The value added here is the word segmenter which is a sort of morphology
recognizer.

    The data flow for the system is shown below.  The transliteration
is necessary for two reasons: 1) Brill's tagger is written for ASCII and
2) there are at least two Arabic character sets in common use.

    Arabic text file --> (transliterator) --> (segmenter) --> (tagger)
--> transliterated tagged Arabic text

    Each piece a can be run independantly of every other piece.so a
more complete picture of the data flow would be
    Arabic text file --> (transliterator) --> transliterated Arabic
text
    transliterated Arabic text --> (segmenter) --> segmented and
transliterated Arabic text
    segmented and transliterated Arabic text --> (tagger) -->
transliterated, segmented and tagged Arabic text

    Neither the segmenter nor the tagger is perfect, so each one of
these phases requires a couple of iterations with hand-correction of the
output and/or augmentation of the lexicons between successive runs before
the output will be correct.
/**********************
        ****    Everything runs inside of a DOS window.
*********

****************************************************************/

2.0 Transliteration
    The executable that performs the transliteration is
"arabic_chars.exe"
The following command line switches are supported.
  -1  : transliterate MS-CP1256 text into DATR transliteration scheme\n
      : parm == Query string for Arabic_u.dtr lexicon\n",
      :        default DATR query ==: <voc>\n",
  -2  : change chars in Freeman transliteration into MS-CP1256 text,
  -3  : change chars in MS-CP1256 into Freeman transliteration scheme
      : parm == n if you don't want to strip the English characters
  -4  : change chars in MS-CP1256 into Buckwalter transliteration scheme
      : parm == n if you don't want to strip the English characters
  -5  : change chars in Buckwalter transliteration into MS-CP1256 text
  -6  : change chars in ISO-8859-6 into Buckwalter transliteration
  -7  : change chars in Buckwalter transliteration into ISO-8859-6 text

  Options -1 through -3 can be ignored and will be removed in a later
revision.  The batch file translit.bat contains the following command
line
for transliteratin cp-1256 into Buckwalter transliteration scheme.
    arabic_chars -4 <%1.txt > %1.trnsl
The input file needs to to have a ".txt" extension and the output file
will be given a ".trnsl" extension.
The following command line will transfer cp-1256 into the MAC version of
iso-8859-6
    arabic_chars -4 <%1.txt | arabic_chars -7 > %1.iso_txt

3.0 Segmenter
    The segmenter takes as its input Arabic text that is represented
in the Buckwalter transliteration schema.
  3.1 Options
    There is X option that will output all of the
segmentations/lexemes that are not in the current lexical files.
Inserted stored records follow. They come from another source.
(* Let $p\ge5$, write $x=p-2$, and consider the black metallic tree $\mathcal B_\rho$ under the rightmost assignment (the last son of each node is black). For a node $\nu$ let $u$ be the nzm-code of $\nu-1$ and $v$ the nzm-code of $\nu-2$. Then the sons of the nodes, in increasing order, have the following nzm-codes: (1) root $\nu=1$: the sons are $h+1$ (one digit) for $h=1,\dots,p-4$, then $x$; (2) black $\nu\neq1$: the sons are $u\,h$ for $h=1,\dots,p-3$; (3) white $\nu$ with nzm-signature $1$ or $x$: first son $v\,x$, then $u\,(h-1)$ for $h=2,\dots,p-2$; (4) white $\nu$ with nzm-signature $a$, $1<a<x$: the sons $u\,h$ for $h=1,\dots,p-3$, then $u\,x$. Moreover: $\mathcal B_\rho$ does not have a preferred son property for the nzm-codes, whatever the digit chosen; for every node $\nu$, the integer whose nzm-code is the nzm-code of $\nu$ followed by $1$ (the successor of $\nu$) is a son of $\nu+1$ in $\mathcal B_\rho$, namely its leftmost son or its second son; and for no assignment $\alpha$ on the black metallic tree and no digit $a\in\{1,\dots,p-2\}$ does every node $\nu$ of $\mathcal B_\alpha$ have exactly one son whose nzm-code is the nzm-code of $\nu$ followed by $a$.
   Context: Fix $p\ge5$. Metallic numbers: $m_{-1}=0$, $m_0=1$, $m_{n+2}=(p-2)m_{n+1}-m_n$. With $x=p-2$, $d=p-3$, the nzm-code of a positive integer $n$ is the unique word $a_k\cdots a_0$ over $\{1,\dots,p-2\}$ with $n=\sum a_im_i$ containing no factor $x\,d^j\,x$ ($j\ge0$); its nzm-signature is the last digit $a_0$; $w\,e$ denotes the word $w$ followed by the digit $e$. Black metallic tree under an assignment $\alpha$, $\mathcal B_\alpha$: nodes are the positive integers, each black or white; the root $1$ is black; nodes are processed in increasing order and node $\nu$ receives $p-2$ sons if white and $p-3$ sons if black, namely the smallest integers not yet used, in increasing order; an assignment specifies for each node the position (leftmost $=1$) of its unique black son among its sons, other sons being white. The rightmost assignment $\rho$ puts the black son at the last position. *)

theory Defs
  imports Main
begin

text \<open>Metallic numbers: metal p i = m_i for i \<ge> 0 (m_0 = 1, m_1 = p - 2, recurrence
  m_(n+2) = (p-2) m_(n+1) - m_n; with m_(-1) = 0 this gives m_1 = p - 2).\<close>
fun metal :: "nat \<Rightarrow> nat \<Rightarrow> nat" where
  "metal p 0 = 1"
| "metal p (Suc 0) = p - 2"
| "metal p (Suc (Suc n)) = (p - 2) * metal p (Suc n) - metal p n"

text \<open>Words are lists written most significant digit first: [a_k, ..., a_0].\<close>
definition nzm_val :: "nat \<Rightarrow> nat list \<Rightarrow> nat" where
  "nzm_val p w = (\<Sum>i<length w. rev w ! i * metal p i)"

definition nzm_admissible :: "nat \<Rightarrow> nat list \<Rightarrow> bool" where
  "nzm_admissible p w \<longleftrightarrow> set w \<subseteq> {1..p - 2} \<and>
     \<not> (\<exists>u j v. w = u @ [p - 2] @ replicate j (p - 3) @ [p - 2] @ v)"

definition nzm_code :: "nat \<Rightarrow> nat \<Rightarrow> nat list" where
  "nzm_code p n = (THE w. nzm_admissible p w \<and> nzm_val p w = n)"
With no
options, the the segmenter will just output the segmentation that it
decides is correct.  This "X" option allows you to simply cut these
lexemes that were not found in the lexicon(s) and after any needed
hand-corrections (there might not be any) paste them into the segmenter
lexicon.

/*****************************************************
**** The segmenter lexicon file needs to be sorted in ASCII ascending
order or nothing will work.
******************************************************************/
   You might want to hang on to this list of lexemes in order to add them
to the tagger's lexicon.
    There are two batch files that will perform these two options:
->segment_X.bat<- which contains the following command line
    seg_arabic X < %1.trnsl > %1.segm

and ->segment.bat<- which contains the following command line
    seg_arabic < %1.trnsl > %1.segm

  3.2 lexicon files
    The following files need to be present before the segmenter will
operate correctly
    small_lexicon_1a.txt            \\ these are all of the
stems that are not
                                    \\
affixal morphology and are not prepositions
                                    \\
must be sorted in ascending order
    arb_rots.lex                    \\ all valid roots
in the language as per Buckwalter
    prep_arabs.translit             \\ all
prepositions
    int inn_wuxt_count              \\ particles that
assign accusative case
    spesh_dict.txt                  \\ a Context-free
rules file for mapping a problematic
                                    \\
orthographic word into its constituent lexemes
    corpus_sorted.bigram            \\ a list of all bigrams
of all text correctly segmented
                                    \\
so far, sorted by count in decreasing order

  3.3 segment bigrams file
    Once you have the input file correctly segmented, cut and paste it
in to the file "corpus_all.segm."  Then you will need to create a new
"corpus_sorted.bigram".  The following two commands will perform this.
    text2wngram -n 2 < corpus_all.segm > corpus_all.bigram
    sort_bigram < corpus_all.bigram > corpus_sorted.bigram

    You may want to create a batch file for this.  There is nothing to
prevent running this all as one command line, i.e.
    text2wngram -n 2 < corpus_all.segm | sort_bigram >
corpus_sorted.bigram

    I personally prefer being able to take a look at the intermediate
file.  I have been keeping all of these files in a different directory
from the one where I am doing all of my annotation work.  So I then need
to copy this file, "corpus_sorted.bigram" back into my working directory.
This directory is named "texts_Folder\combined\segments" and should be
created when you unzip the archive.

4.0 Brill's tagger
    There is a batch file called tag_it.bat that runs the following
command line:
TAGGER.EXE ..\arab_lex.start %1.segm  BIGBIGRAMLIST LEXICALRULEFILE.andy
CNTEXT.andy > %1.tagged

    The following files need to be in the directory in which you run the
tagger:
    BIGBIGRAMLIST, LEXICALRULEFILE.andy CNTEXT.andy, tagger.exe,
start_state_tag.exe, and final_state_tag.exe.
    The file "arab_lex.start" needs to be in the parent directory.  If you
find this annoying, move "arab_lex.start" into the working directory and
change the batch file accordingly.

    Before running the tagger you will probably want to add the new words
that were discovered during the segmentation phase of the process.
  4.1 tagger lexicon
    The "file arab_lex.start" contains the tagger lexicon with entries
of the form
Eryf NNM JJMS
EryqAt NP
Erys NNM
Eskryp JJFS
mwqE NNM JJMS

  4.2 adding words from the segmenter
    Take the lexemes saved from the segmentation phase that you added
to the segmentation lexicon.  You will need to decide the correct tag(s)
for those lexemes.  If more than one tag is possible, place the most
likely tag first in the list of possible tags that follows the lexeme.
For
instance in the example above the lexeme "mwqE" can be either a noun or
an
adjective, but I have decided arbitrarily that the noun tag (NNM) is more
probable.  Now run the batch file tag_it.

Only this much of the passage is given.